Assemblage is proud to announce the successful projects and exhibitions who have been awarded the opportunity to exhibit in partnership with the organisation at its project space. This initiative is made possible under the auspices of The African Arts Trust grant funding towards the materialization of projects/exhibitions at Assemblage’s project space for the last quarter of 2017 and first half of the 2018 calendar year.
Introducing Janet Wilson, a former in studio artist from Assemblage.
Wilson has been awarded a 4 week residency which commences from 15 November - 7 December 2017. The residency is a process focused on Janet's sewing technique.
Although trained as a printmaker, Janet’s artistic practice has expanded to include working with textiles.

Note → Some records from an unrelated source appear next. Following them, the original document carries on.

definition Gp :: "real \<Rightarrow> ((nat \<Rightarrow> real) \<Rightarrow> real) set" where
  "Gp p = {f \<in> Lp p.
     (\<integral>\<^sup>+ x. ennreal (\<bar>f x\<bar> powr p) \<partial>mu) =
       (\<integral>\<^sup>+ a. (\<integral>\<^sup>+ x\<in>cube a. ennreal (\<bar>f x\<bar> powr p) \<partial>mu) \<partial>count_space (Ofun p f))
     \<and> (\<integral>\<^sup>+ a. (\<integral>\<^sup>+ x\<in>cube a. ennreal (\<bar>f x\<bar> powr p) \<partial>mu) \<partial>count_space (Ofun p f)) =
       (\<integral>\<^sup>+ x\<in>Ffun p f. ennreal (\<bar>f x\<bar> powr p) \<partial>mu)}"

end

theory Submission
  imports Defs
begin

text \<open>
  Membership in \<open>G\<^sup>p\<close> only says that \<open>|f|\<^sup>p\<close> lives on countably many of the pairwise
  disjoint cubes \<open>C\<^sub>a\<close>: \<open>f \<in> G\<^sup>p\<close> iff \<open>f \<in> L\<^sup>p\<close> and \<open>f\<close> vanishes a.e. outside the union of
  the cubes \<open>C\<^sub>a\<close>, \<open>a \<in> J\<close>, for some countable \<open>J\<close>. Indeed, finiteness of \<open>\<integral>|f|\<^sup>p\<close> makes the set
  \<open>O\<^sub>f\<close> of cubes carrying mass countable, so the identity \<open>\<integral>|f|\<^sup>p = \<integral>\<^bsub>F\<^sub>f\<^esub>|f|\<^sup>p\<close> says that \<open>f\<close>
  vanishes a.e. off \<open>F\<^sub>f\<close>; conversely, if \<open>f\<close> vanishes off the cubes indexed by \<open>J\<close>, then
  \<open>O\<^sub>f \<subseteq> J\<close> and countable additivity gives both identities defining \<open>G\<^sup>p\<close>. This condition
  is preserved by scalar multiples and, taking \<open>J\<^sub>f \<union> J\<^sub>g\<close>, by sums, while \<open>L\<^sup>p\<close> is closed
  under sums because \<open>|a + b|\<^sup>p \<le> 2\<^sup>p (|a|\<^sup>p + |b|\<^sup>p)\<close>.
\<close>

lemma countable_nonzero_if_nn_integral_count_space_finite:
  fixes \<phi> :: "'a \<Rightarrow> ennreal"
  assumes "(\<integral>\<^sup>+ a. \<phi> a \<partial>count_space Q) < \<infinity>"
  shows "countable {a\<in>Q. \<phi> a \<noteq> 0}"
proof -
  have "finite {a\<in>Q. c \<le> \<phi> a}" if "c > 0" for c
  proof (rule ccontr)
    assume "infinite {a\<in>Q. c \<le> \<phi> a}"
    then have "\<infinity> = c * emeasure (count_space Q) {a\<in>Q. c \<le> \<phi> a}"
      using \<open>c > 0\<close> by (simp add: ennreal_mult_top)
    also have "\<dots> = (\<integral>\<^sup>+ a. c * indicator {a\<in>Q. c \<le> \<phi> a} a \<partial>count_space Q)"
      by (simp add: nn_integral_cmult_indicator)
    also have "\<dots> \<le> (\<integral>\<^sup>+ a. \<phi> a \<partial>count_space Q)"
      by (intro nn_integral_mono) (auto split: split_indicator)
    finally show False
      using assms by simp
  qed
  moreover have "{a\<in>Q. \<phi> a \<noteq> 0} = (\<Union>n. {a\<in>Q. ennreal (1 / real (Suc n)) \<le> \<phi> a})"
  proof -
    have "\<exists>n. ennreal (1 / real (Suc n)) \<le> x" if "x \<noteq> 0" for x :: ennreal
    proof (cases x)
      case (real r)
      with \<open>x \<noteq> 0\<close> have "r > 0"
        by auto
      then obtain n where "inverse (real (Suc n)) < r"
        using reals_Archimedean by blast
      with real show ?thesis
        by (intro exI[of _ n]) (simp add: inverse_eq_divide)
    qed simp
    then show ?thesis
      by fastforce
  qed
  ultimately show ?thesis
    by (simp add: countable_finite)
qed

lemma nn_integral_UN_countable:
  fixes h :: "'a \<Rightarrow> ennreal"
  assumes "countable I" "disjoint_family_on X I" "\<And>i. i \<in> I \<Longrightarrow> X i \<in> sets M"
    and "h \<in> borel_measurable M"
  shows "(\<integral>\<^sup>+ x\<in>(\<Union>i\<in>I. X i). h x \<partial>M) = (\<integral>\<^sup>+ i. (\<integral>\<^sup>+ x\<in>X i. h x \<partial>M) \<partial>count_space I)"
proof -
  have "(\<Union>i\<in>I. X i) \<in> sets M"
    using assms by (intro sets.countable_UN') auto
  with assms show ?thesis
    using emeasure_UN_countable[of I X "density M h"]
    by (simp add: emeasure_density cong: nn_integral_cong_simp)
qed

As she says, “I have been learning to sew since I was a child. The sewing machine that I use was my parents’ gift to me on my 21st birthday. My mother-in-law passes on tips for better sewing. She also passed on her old heavyweight Singer to me. I keep a thimble that belonged to my great-grandmother!” Sewing techniques may be learnt and proficiency can improve with practice. For Janet, these techniques are so ingrained that they inform her artistic practice. So much so, that her first step in making an artwork is always to ask, “Couldn’t I rather sew this?” Ongoing concerns are the use of colour, as well the medium and methods used. An exploration of portraiture in her Fine Art MA resulted, paradoxically, in a shift away from representational imagery. This is evident in her large format screen-prints, which comprise bold colour fields in stripes and squares. Her current work in textiles continues this trajectory, whilst reflecting on her relationship to the city of Johannesburg, the place in which she lives and works.
Description: The route that I drive in the morning intersects with that of a fleet of taxis that shuttles between Hillbrow and the Johannesburg General Hospital. Each taxi is numbered with a stick-on decal. These stickers are different from many others that I have seen: they include also the hand signal that denotes a local route. While the taxis themselves come in many different colours, the decals are most often yellow with red writing. The cheery colour combination and the sense of direction and purpose that the stickers denote, belie the drudge of a daily urban commute. I chose to use these stick-on decals as the starting point for this series of textile artworks. I have completed eight initial pieces, roughly 50 x 50cm, consisting two layers of fabric, with the number and circle hand stitched using a technique of reverse appliqué. These will be combined with larger pieces of fabric to make up a work that measures roughly 150 x 200 cm.